Content starts
(* Consider the setting described in the context and suppose the stepsizes satisfy conditions (A), (B) and (C). Let $u^\star=(x^\star,y^\star)$ satisfy $0\in F(x^\star)+A^Ty^\star$ and $0\in G(y^\star)-Ax^\star$. Then there is a constant $C_U>0$ such that the PDHG iterates satisfy $\|u_k-u^\star\|_{H_k}^2\le C_U$ for all $k$.
   Context: Let $A\in\mathbb{R}^{M\times N}$, let $f$ and $g$ be convex functions on $\mathbb{R}^N$ and $\mathbb{R}^M$, and let $X\subset\mathbb{R}^N$, $Y\subset\mathbb{R}^M$ be convex sets; consider the saddle-point problem $\min_{x\in X}\max_{y\in Y} f(x)+y^TAx-g(y)$. Let $\chi_C$ denote the characteristic function of a set $C$ ($0$ on $C$, $+\infty$ off $C$), and let $F=\partial(f+\chi_X)$, $G=\partial(g+\chi_Y)$. It is assumed that the problem is feasible (such $u^\star$ exists) and that the minimizations below have solutions. The PDHG method with stepsizes $\tau_k,\sigma_k>0$ starts from $x_0,y_0$ and iterates $x_{k+1}=\arg\min_{x\in X} f(x)+\frac{1}{2\tau_k}\|x-(x_k-\tau_kA^Ty_k)\|^2$, $y_{k+1}=\arg\min_{y\in Y} g(y)+\frac{1}{2\sigma_k}\|y-(y_k+\sigma_kA(2x_{k+1}-x_k))\|^2$. Write $u_k=(x_k,y_k)$, $M_k=\begin{pmatrix}\tau_k^{-1}I & -A^T\\ -A & \sigma_k^{-1}I\end{pmatrix}$, $H_k=\begin{pmatrix}\tau_k^{-1}I & 0\\ 0 & \sigma_k^{-1}I\end{pmatrix}$, and for a symmetric (possibly indefinite) matrix $M$, $\|u\|_M^2:=u^TMu$. Let $\phi_k=\max\{(\tau_k-\tau_{k+1})/\tau_k,\ (\sigma_k-\sigma_{k+1})/\sigma_k,\ 0\}$. Conditions: (A) the sequences $\{\tau_k\}$ and $\{\sigma_k\}$ are bounded; (B) $\sum_{k\ge0}\phi_k<C_\phi<\infty$ for some constant $C_\phi$; (C) either (C1) there is a constant $L$ with $\tau_k\sigma_k<L<\rho(A^TA)^{-1}$ for all $k>0$ ($\rho$ = spectral radius), or (C2) either $X$ or $Y$ is bounded and there is $c\in(0,1)$ with $\|u_{k+1}-u_k\|_{M_k}^2\ge c\|u_{k+1}-u_k\|_{H_k}^2$ for all $k>0$. *)

theory Defs
  imports "HOL-Analysis.Analysis"
begin

definition char_fun :: "'a set \<Rightarrow> 'a \<Rightarrow> ereal" where
  "char_fun C x = (if x \<in> C then 0 else \<infinity>)"

definition subdiff :: "('a::real_inner \<Rightarrow> ereal) \<Rightarrow> 'a \<Rightarrow> 'a set" where
  "subdiff h x = {v. h x < \<infinity> \<and> (\<forall>z. h x + ereal (v \<bullet> (z - x)) \<le> h z)}"

text \<open>Real eigenvalues of a real square matrix and spectral radius.
  (Used only for the symmetric matrix A^T A, all of whose eigenvalues are real.)\<close>
definition real_eigenvalue :: "real^'n^'n \<Rightarrow> real \<Rightarrow> bool" where
  "real_eigenvalue B l \<longleftrightarrow> (\<exists>v. v \<noteq> 0 \<and> B *v v = l *\<^sub>R v)"

definition spectral_radius_sym :: "real^'n^'n \<Rightarrow> real" where
  "spectral_radius_sym B = Sup {\<bar>l\<bar> | l. real_eigenvalue B l}"

text \<open>Weighted squared norm (norm of u in H, squared) with H = diag(tau^-1 I, sg^-1 I), for u = (x,y).\<close>
definition H_norm2 :: "real \<Rightarrow> real \<Rightarrow> real^'n \<Rightarrow> real^'m \<Rightarrow> real" where
  "H_norm2 tau sg x y = (norm x)^2 / tau + (norm y)^2 / sg"

text \<open>Quadratic form \<open>u^T M u\<close> with M = [[tau^-1 I, -A^T],[-A, sg^-1 I]], for u = (x,y).\<close>
definition M_norm2 :: "real^'n^'m \<Rightarrow> real \<Rightarrow> real \<Rightarrow> real^'n \<Rightarrow> real^'m \<Rightarrow> real" where
  "M_norm2 A tau sg x y =
     (norm x)^2 / tau - x \<bullet> (transpose A *v y) - y \<bullet> (A *v x) + (norm y)^2 / sg"

definition phi :: "(nat \<Rightarrow> real) \<Rightarrow> (nat \<Rightarrow> real) \<Rightarrow> nat \<Rightarrow> real" where
  "phi tau sg k = Max {(tau k - tau (Suc k)) / tau k, (sg k - sg (Suc k)) / sg k, 0}"

end

theory Submission
  imports Defs
begin

(*
  Each PDHG iteration consists of two proximal steps. Their variational inequalities, added to
  the saddle-point inclusions, give the Fejer-type estimate
    |u(k+1) - u*|^2_{M_k} + |u(k+1) - u(k)|^2_{M_k} <= |u(k) - u*|^2_{M_k}.
  Condition (C) makes the indefinite form M_k coercive with respect to H_k: uniformly when
  tau*sigma*rho(A^T A) < 1, and up to an additive constant when X or Y is bounded (using (A));
  in both cases the step term above is nonnegative. Changing the stepsizes from k to k+1 costs
  at most phi_k times the H_{k+1}-norm, so with |.|^2_H <= a |.|^2_M + K the quantity
  E_k = |u(k) - u*|^2_{M_k} + K/a satisfies E_{k+1} (1 - a phi_k) <= E_k, and summability of
  phi (B) bounds E_k, as in Gronwall's lemma.
*)

lemma nonneg_of_nonneg_add_small:
  fixes q c :: real
  assumes "\<And>s. 0 < s \<Longrightarrow> s \<le> 1 \<Longrightarrow> 0 \<le> q + s * c"
  shows "0 \<le> q"
proof (rule ccontr)
  assume "\<not> 0 \<le> q"
  define s where "s = min 1 (- q / (2 * (\<bar>c\<bar> + 1)))"
  have "0 < - q / (2 * (\<bar>c\<bar> + 1))"
    using \<open>\<not> 0 \<le> q\<close> by (intro divide_pos_pos) auto
  then have "0 < s" "s \<le> 1"
    by (auto simp: s_def)
  have "s * c \<le> s * \<bar>c\<bar>"
    using \<open>0 < s\<close> by (simp add: mult_left_mono)
  also have "\<dots> \<le> - q / (2 * (\<bar>c\<bar> + 1)) * \<bar>c\<bar>"
    by (intro mult_right_mono) (auto simp: s_def)
  also have "\<dots> < - q"
    using \<open>\<not> 0 \<le> q\<close> mult_nonpos_nonneg[of q "\<bar>c\<bar>"] by (simp add: field_simps)
  finally show False
    using assms[OF \<open>0 < s\<close> \<open>s \<le> 1\<close>] by linarith
qed

lemma linear_coeff_eq_0_of_quadratic_nonpos:
  fixes b c :: real
  assumes "\<And>t. t * b + t\<^sup>2 * c \<le> 0"
  shows "b = 0"
proof (rule ccontr)
  assume "b \<noteq> 0"
  define K where "K = \<bar>c\<bar> + 1"
  have "K > 0" "K + c > 0"
    by (auto simp: K_def)
  have "(b / K) * b + (b / K)\<^sup>2 * c = b\<^sup>2 * (K + c) / K\<^sup>2"
    using \<open>K > 0\<close> by (simp add: field_simps power2_eq_square)
  also have "\<dots> > 0"
    using \<open>b \<noteq> 0\<close> \<open>K > 0\<close> \<open>K + c > 0\<close> by (intro divide_pos_pos mult_pos_pos) auto
  finally show False
    using assms[of "b / K"] by linarith
qed

lemma two_mult_le_sqrt_mult:
  fixes a b t s :: real
  assumes "t > 0" "s > 0"
  shows "2 * a * b \<le> sqrt (t * s) * (a\<^sup>2 / t + b\<^sup>2 / s)"
proof -
  define p r where "p = sqrt t" and "r = sqrt s"
  have "p > 0" "r > 0" "t = p\<^sup>2" "s = r\<^sup>2"
    using assms by (simp_all add: p_def r_def)
  have "2 * a * b * (p * r) \<le> a\<^sup>2 * r\<^sup>2 + b\<^sup>2 * p\<^sup>2"
    using zero_le_power2[of "a * r - b * p"] by (simp add: power2_eq_square algebra_simps)
  then have "2 * a * b \<le> (a\<^sup>2 * r\<^sup>2 + b\<^sup>2 * p\<^sup>2) / (p * r)"
    using \<open>p > 0\<close> \<open>r > 0\<close> by (simp add: pos_le_divide_eq)
  also have "\<dots> = sqrt (t * s) * (a\<^sup>2 / t + b\<^sup>2 / s)"
    using \<open>p > 0\<close> \<open>r > 0\<close> unfolding \<open>t = p\<^sup>2\<close> \<open>s = r\<^sup>2\<close>
    by (simp add: real_sqrt_mult field_simps power2_eq_square)
  finally show ?thesis .
qed

lemma le_mult_exp_of_mult_one_minus_le:
  fixes a b u :: real
  assumes "0 \<le> u" "u \<le> 1 / 2" "0 \<le> b" "b * (1 - u) \<le> a"
  shows "b \<le> a * exp (2 * u)"
proof -
  have "0 \<le> a"
    using assms mult_nonneg_nonneg[of b "1 - u"] by linarith
  have "1 \<le> (1 - u) * (1 + 2 * u)"
    using assms(1,2) mult_nonneg_nonneg[of u "1 - 2 * u"] by (simp add: algebra_simps)
  then have "b \<le> b * (1 - u) * (1 + 2 * u)"
    using \<open>0 \<le> b\<close> mult_left_mono[of 1 _ b] by (simp add: mult.assoc)
  also have "\<dots> \<le> a * (1 + 2 * u)"
    using assms by (intro mult_right_mono) auto
  also have "\<dots> \<le> a * exp (2 * u)"
    using \<open>0 \<le> a\<close> by (intro mult_left_mono) (auto intro: exp_ge_add_one_self)
  finally show ?thesis .
qed

lemma bounded_of_summable_perturbed_decrease:
  fixes F p :: "nat \<Rightarrow> real"
  assumes F_nonneg: "\<And>k. m \<le> k \<Longrightarrow> 0 \<le> F k"
    and p_nonneg: "\<And>k. 0 \<le> p k" and "summable p"
    and decrease: "\<And>k. m \<le> k \<Longrightarrow> F (Suc k) * (1 - p k) \<le> F k"
  shows "\<exists>B. \<forall>k\<ge>m. F k \<le> B"
proof -
  have "eventually (\<lambda>k. p k < 1 / 2) sequentially"
    using summable_LIMSEQ_zero[OF \<open>summable p\<close>] by (rule order_tendstoD) simp
  then obtain N0 where N0: "\<And>k. N0 \<le> k \<Longrightarrow> p k < 1 / 2"
    by (auto simp: eventually_sequentially)
  define N where "N = max m N0"
  have "m \<le> N"
    by (simp add: N_def)
  then have "0 \<le> F N"
    by (rule F_nonneg)
  have growth: "F k \<le> F N * exp (2 * (\<Sum>i\<in>{N..<k}. p i))" if "N \<le> k" for k
    using that
  proof (induction k rule: dec_induct)
    case (step k)
    have "F (Suc k) \<le> F k * exp (2 * p k)"
      using step.hyps N0[of k] \<open>m \<le> N\<close> by (intro le_mult_exp_of_mult_one_minus_le p_nonneg F_nonneg decrease)
        (auto simp: N_def)
    also have "\<dots> \<le> F N * exp (2 * (\<Sum>i\<in>{N..<k}. p i)) * exp (2 * p k)"
      using step.IH by (intro mult_right_mono) auto
    finally show ?case
      using step.hyps by (simp add: mult.assoc exp_add[symmetric] algebra_simps)
  qed simp
  define B where "B = (\<Sum>i\<in>{m..N}. F i) + F N * exp (2 * suminf p)"
  have "F k \<le> B" if "m \<le> k" for k
  proof (cases "k \<le> N")
    case True
    then have "F k \<le> (\<Sum>i\<in>{m..N}. F i)"
      using \<open>m \<le> k\<close> F_nonneg by (intro member_le_sum) auto
    moreover have "0 \<le> F N * exp (2 * suminf p)"
      using \<open>0 \<le> F N\<close> by simp
    ultimately show ?thesis
      by (simp add: B_def)
  next
    case False
    have "(\<Sum>i\<in>{N..<k}. p i) \<le> suminf p"
      using \<open>summable p\<close> p_nonneg by (intro sum_le_suminf) auto
    then have "F N * exp (2 * (\<Sum>i\<in>{N..<k}. p i)) \<le> F N * exp (2 * suminf p)"
      using \<open>0 \<le> F N\<close> by (intro mult_left_mono) auto
    then have "F k \<le> F N * exp (2 * suminf p)"
      using growth[of k] False by linarith
    moreover have "0 \<le> (\<Sum>i\<in>{m..N}. F i)"
      using F_nonneg by (intro sum_nonneg) auto
    ultimately show ?thesis
      by (simp add: B_def)
  qed
  then show ?thesis
    by blast
qed
lemma exponential_lyapunov_change_coordinates:
  fixes L :: "'a::euclidean_space \<Rightarrow> 'b::euclidean_space" and F :: "'b \<Rightarrow> 'b"
  assumes L: "linear L" "inj L"
    and conj: "\<And>x. L (f x) = F (L (x - xs))"
    and Q_deriv: "\<And>u. (Q has_derivative DQ u) (at u)"
    and Q_lower: "\<And>u. m * (norm u)\<^sup>2 \<le> Q u" and Q_upper: "\<And>u. Q u \<le> M * (norm u)\<^sup>2"
    and Q_decay: "\<And>u. norm u < r \<Longrightarrow> DQ u (F u) \<le> - c * Q u"
    and pos: "m > 0" "M > 0" "c > 0" "r > 0"
  obtains m' M' r' where
    "exponential_lyapunov f xs (\<lambda>x. Q (L (x - xs))) (\<lambda>x. DQ (L (x - xs)) \<circ> L) m' M' c r'"
proof -
  obtain B where B: "B > 0" "\<And>y. B * norm y \<le> norm (L y)"
    using linear_inj_bounded_below_pos[OF L] by blast
  obtain C where C: "C > 0" "\<And>y. norm (L y) \<le> C * norm y"
    using linear_bounded_pos[OF L(1)] by blast
  have shift_deriv: "((\<lambda>x. L (x - xs)) has_derivative L) (at y)" for y
    using bounded_linear.has_derivative[OF linear_conv_bounded_linear[THEN iffD1, OF L(1)]
        has_derivative_diff[OF has_derivative_ident has_derivative_const]] by simp
  show ?thesis
  proof (rule that, unfold_locales)
    show "((\<lambda>x. Q (L (x - xs))) has_derivative DQ (L (y - xs)) \<circ> L) (at y)" for y
      using diff_chain_at[OF shift_deriv Q_deriv] by (simp add: o_def)
    show "m * B\<^sup>2 * (norm (y - xs))\<^sup>2 \<le> Q (L (y - xs))" for y
    proof -
      have "m * B\<^sup>2 * (norm (y - xs))\<^sup>2 = m * (B * norm (y - xs))\<^sup>2" by (simp add: power_mult_distrib)
      also have "\<dots> \<le> m * (norm (L (y - xs)))\<^sup>2"
        using B pos by (intro mult_left_mono power_mono) auto
      finally show ?thesis using Q_lower[of "L (y - xs)"] by linarith
    qed
    show "Q (L (y - xs)) \<le> M * C\<^sup>2 * (norm (y - xs))\<^sup>2" for y
    proof -
      have "M * (norm (L (y - xs)))\<^sup>2 \<le> M * (C * norm (y - xs))\<^sup>2"
        using C pos by (intro mult_left_mono power_mono) auto
      then show ?thesis using Q_upper[of "L (y - xs)"] by (simp add: power_mult_distrib)
    qed
    show "(DQ (L (y - xs)) \<circ> L) (f y) \<le> - c * Q (L (y - xs))" if "norm (y - xs) < r / C" for y
    proof -
      have "norm (L (y - xs)) < r"
        using C(2)[of "y - xs"] that C(1) by (simp add: field_simps)
      then show ?thesis using Q_decay by (simp add: conj)
    qed
  qed (use pos B C in auto)
qed

lemma local_quadratic_lyapunov:
  fixes Q G C :: "'a::euclidean_space \<Rightarrow> real"
  assumes "continuous_on UNIV Q" "continuous_on UNIV G" "continuous_on UNIV C"
    and Q_hom: "\<And>t u. t \<ge> 0 \<Longrightarrow> Q (t *\<^sub>R u) = t\<^sup>2 * Q u"
    and G_hom: "\<And>t u. t \<ge> 0 \<Longrightarrow> G (t *\<^sub>R u) = t\<^sup>2 * G u"
    and C_hom: "\<And>t u. t \<ge> 0 \<Longrightarrow> C (t *\<^sub>R u) = t ^ 3 * C u"
    and Q_pos: "\<And>u. norm u = 1 \<Longrightarrow> Q u > 0" and G_neg: "\<And>u. norm u = 1 \<Longrightarrow> G u < 0"
  obtains m M c r where "m > 0" "M > 0" "c > 0" "r > 0"
    "\<And>u. m * (norm u)\<^sup>2 \<le> Q u" "\<And>u. Q u \<le> M * (norm u)\<^sup>2"
    "\<And>u. norm u < r \<Longrightarrow> G u + C u \<le> - c * Q u"
proof -
  obtain m where m: "m > 0" "\<And>u. m * (norm u)\<^sup>2 \<le> Q u"
    using homogeneous_bounded_below[OF assms(1) Q_hom _ Q_pos] by auto
  obtain M where M: "M > 0" "\<And>u. \<bar>Q u\<bar> \<le> M * (norm u)\<^sup>2"
    using homogeneous_bounded_above[OF assms(1) Q_hom] by auto
  obtain g where g: "g > 0" "\<And>u. g * (norm u)\<^sup>2 \<le> - G u"
    using homogeneous_bounded_below[of "\<lambda>u. - G u" 2] assms(2) G_hom G_neg
    by (auto intro: continuous_intros)
  obtain K where K: "K > 0" "\<And>u. \<bar>C u\<bar> \<le> K * norm u ^ 3"
    using homogeneous_bounded_above[OF assms(3) C_hom] by auto
  show ?thesis
  proof (rule that[of m M "g / (2 * M)" "g / (2 * K)"])
    show "g / (2 * M) > 0" "g / (2 * K) > 0" using g M K by auto
    fix u :: 'a
    assume "norm u < g / (2 * K)"
    \<comment> \<open>the cubic remainder is dominated by half of the quadratic decay\<close>
    then have "K * norm u \<le> g / 2" using K(1) by (simp add: field_simps)
    then have "(K * norm u) * (norm u)\<^sup>2 \<le> g / 2 * (norm u)\<^sup>2" by (rule mult_right_mono) simp
    then have "K * norm u ^ 3 \<le> g / 2 * (norm u)\<^sup>2" by (simp add: power2_eq_square power3_eq_cube ac_simps)
    then have "G u + C u \<le> - (g / 2) * (norm u)\<^sup>2"
      using g(2)[of u] K(2)[of u] by linarith
    also have "\<dots> \<le> - (g / (2 * M)) * Q u"
      using M(2)[of u] g(1) M(1) by (simp add: field_simps)
    finally show "G u + C u \<le> - (g / (2 * M)) * Q u" .
  qed (use m M(1) abs_le_D1[OF M(2)] in auto)
qed

type_synonym state = "real \<times> real \<times> real \<times> real"

locale seir_normal_form =
  fixes h a b k1 k2 k3 :: real
begin

definition nf_linear :: "state \<Rightarrow> state" where
  "nf_linear = (\<lambda>(X, W, Z, D).
     (- h * X - (a - b) * Z + b * D, k1 * X - (k1 + k2) * W, k2 * W, - k2 * W - k3 * D))"

definition nf_quadratic :: "state \<Rightarrow> state" where
  "nf_quadratic = (\<lambda>(X, W, Z, D). (- a * X * Z, k1 * X * Z, 0, 0))"

definition nf_field :: "state \<Rightarrow> state" where
  "nf_field u = nf_linear u + nf_quadratic u"

text \<open>
  The cross terms of lyap0 are chosen so that its derivative along nf_linear contains no Z
  (lemma lyap0_linear).  Hence lyap0 and its derivative are only semidefinite; the
  perturbation lyap_pert is positive on the kernels of both.
\<close>

definition lyap0 :: "state \<Rightarrow> state \<Rightarrow> real" where
  "lyap0 = (\<lambda>(X, W, Z, D) (X', W', Z', D'). X * X' + 2 * h * (k1 + k2) / k1\<^sup>2 * W * W'
     + (a - b) / k1 * (W * Z' + Z * W') + (k1 + k2) * (a - b) / (k1 * k2) * Z * Z'
     - b / k1 * (W * D' + D * W') + (k1 + k2 + k3) * b / (k1 * k2) * D * D')"

definition lyap_pert :: "state \<Rightarrow> state \<Rightarrow> real" where
  "lyap_pert = (\<lambda>(X, W, Z, D) (X', W', Z', D'). X * Z' + Z * X' + 2 * D * D')"

definition lyap_form :: "real \<Rightarrow> state \<Rightarrow> state \<Rightarrow> real" where
  "lyap_form e u v = lyap0 u v + e * lyap_pert u v"

lemma lyap_form_commute: "lyap_form e u v = lyap_form e v u"
  by (simp add: lyap_form_def lyap0_def lyap_pert_def split_beta algebra_simps)

lemma lyap_form_add: "lyap_form e u (v + w) = lyap_form e u v + lyap_form e u w"
  by (simp add: lyap_form_def lyap0_def lyap_pert_def split_beta algebra_simps
      add_divide_distrib diff_divide_distrib)

lemma lyap_form_scaleR: "lyap_form e u (t *\<^sub>R v) = t * lyap_form e u v"
  by (simp add: lyap_form_def lyap0_def lyap_pert_def split_beta algebra_simps)

lemma lyap_form_scaleR_left: "lyap_form e (t *\<^sub>R u) v = t * lyap_form e u v"
  by (metis lyap_form_commute lyap_form_scaleR)

lemma bounded_bilinear_lyap_form: "bounded_bilinear (lyap_form e)"
  unfolding bilinear_conv_bounded_bilinear[symmetric] bilinear_def linear_iff
  by (metis lyap_form_add lyap_form_scaleR lyap_form_commute real_scaleR_def)

lemma lyap_form_deriv: "((\<lambda>u. lyap_form e u u) has_derivative (\<lambda>v. 2 * lyap_form e u v)) (at u)"
proof -
  have "((\<lambda>u. lyap_form e u u) has_derivative (\<lambda>v. lyap_form e u v + lyap_form e v u)) (at u)"
    by (rule bounded_bilinear.FDERIV[OF bounded_bilinear_lyap_form has_derivative_ident has_derivative_ident])
  moreover have "(\<lambda>v. lyap_form e u v + lyap_form e v u) = (\<lambda>v. 2 * lyap_form e u v)"
    by (rule ext) (simp add: lyap_form_commute[of e _ u])
  ultimately show ?thesis by simp
qed

lemma continuous_lyap_form:
  assumes "continuous_on UNIV g"
  shows "continuous_on UNIV (\<lambda>u. lyap_form e u (g u))"
  using bounded_bilinear.continuous_on[OF bounded_bilinear_lyap_form continuous_on_id assms] by simp

lemma nf_linear_scaleR: "nf_linear (t *\<^sub>R u) = t *\<^sub>R nf_linear u"
  by (simp add: nf_linear_def split_beta algebra_simps)

lemma nf_quadratic_scaleR: "nf_quadratic (t *\<^sub>R u) = t\<^sup>2 *\<^sub>R nf_quadratic u"
  by (simp add: nf_quadratic_def split_beta power2_eq_square algebra_simps)

lemma continuous_nf_linear: "continuous_on UNIV nf_linear"
  unfolding nf_linear_def split_beta by (intro continuous_intros)

lemma continuous_nf_quadratic: "continuous_on UNIV nf_quadratic"
  unfolding nf_quadratic_def split_beta by (intro continuous_intros)

end

locale seir_endemic_normal_form = seir_normal_form +
  assumes b_nonneg: "0 \<le> b" and b_less_a: "b < a" and a_less_h: "a < h"
    and k1_pos: "k1 > 0" and k2_pos: "k2 > 0" and k3_pos: "k3 > 0"
begin

lemma lyap0_sos:
  "lyap0 (X, W, Z, D) (X, W, Z, D) = X\<^sup>2
     + (2 * h * (k1 + k2) / k1\<^sup>2 - (a - b) * k2 / (k1 * (k1 + k2)) - b * k2 / (k1 * (k1 + k2 + k3))) * W\<^sup>2
     + (a - b) / (k1 * k2 * (k1 + k2)) * ((k1 + k2) * Z + k2 * W)\<^sup>2
     + b / (k1 * k2 * (k1 + k2 + k3)) * ((k1 + k2 + k3) * D - k2 * W)\<^sup>2"
proof -
  define s K where "s = k1 + k2" and "K = s + k3"
  have "s \<noteq> 0" "K \<noteq> 0" "k1 \<noteq> 0" "k2 \<noteq> 0" using k1_pos k2_pos k3_pos by (auto simp: s_def K_def)
  then show ?thesis unfolding lyap0_def s_def[symmetric] unfolding K_def[symmetric]
    by (simp add: field_simps power2_eq_square; simp add: algebra_simps)
qed

lemma lyap0_linear:
  "lyap0 (X, W, Z, D) (nf_linear (X, W, Z, D)) = - (h * (X - (k1 + k2) * W / k1)\<^sup>2
     + (h * (k1 + k2)\<^sup>2 / k1\<^sup>2 - k2 * a / k1) * W\<^sup>2 + k3 * (k1 + k2 + k3) * b / (k1 * k2) * D\<^sup>2)"
proof -
  have "k1 + k2 \<noteq> 0" "k1 + k2 + k3 \<noteq> 0" using k1_pos k2_pos k3_pos by auto
  then show ?thesis using k1_pos k2_pos unfolding lyap0_def nf_linear_def
    by (simp add: field_simps power2_eq_square; simp add: algebra_simps)
qed

lemma a_k1_k2_less_h: "a * (k1 * k2) < h * (k1 + k2)\<^sup>2"
proof -
  have "a * (k1 * k2) < h * (k1 * k2)" using a_less_h k1_pos k2_pos by simp
  also have "\<dots> \<le> h * (k1 + k2)\<^sup>2"
    using a_less_h b_nonneg b_less_a k1_pos k2_pos
    by (intro mult_left_mono) (auto simp: power2_eq_square algebra_simps)
  finally show ?thesis .
qed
Content ends
▶ _EXERCISE PROMPT_: Show, from the records above, every line that includes "imports".

▶ _SOLVED PROBLEM_:
  imports "HOL-Analysis.Analysis"
  imports Defs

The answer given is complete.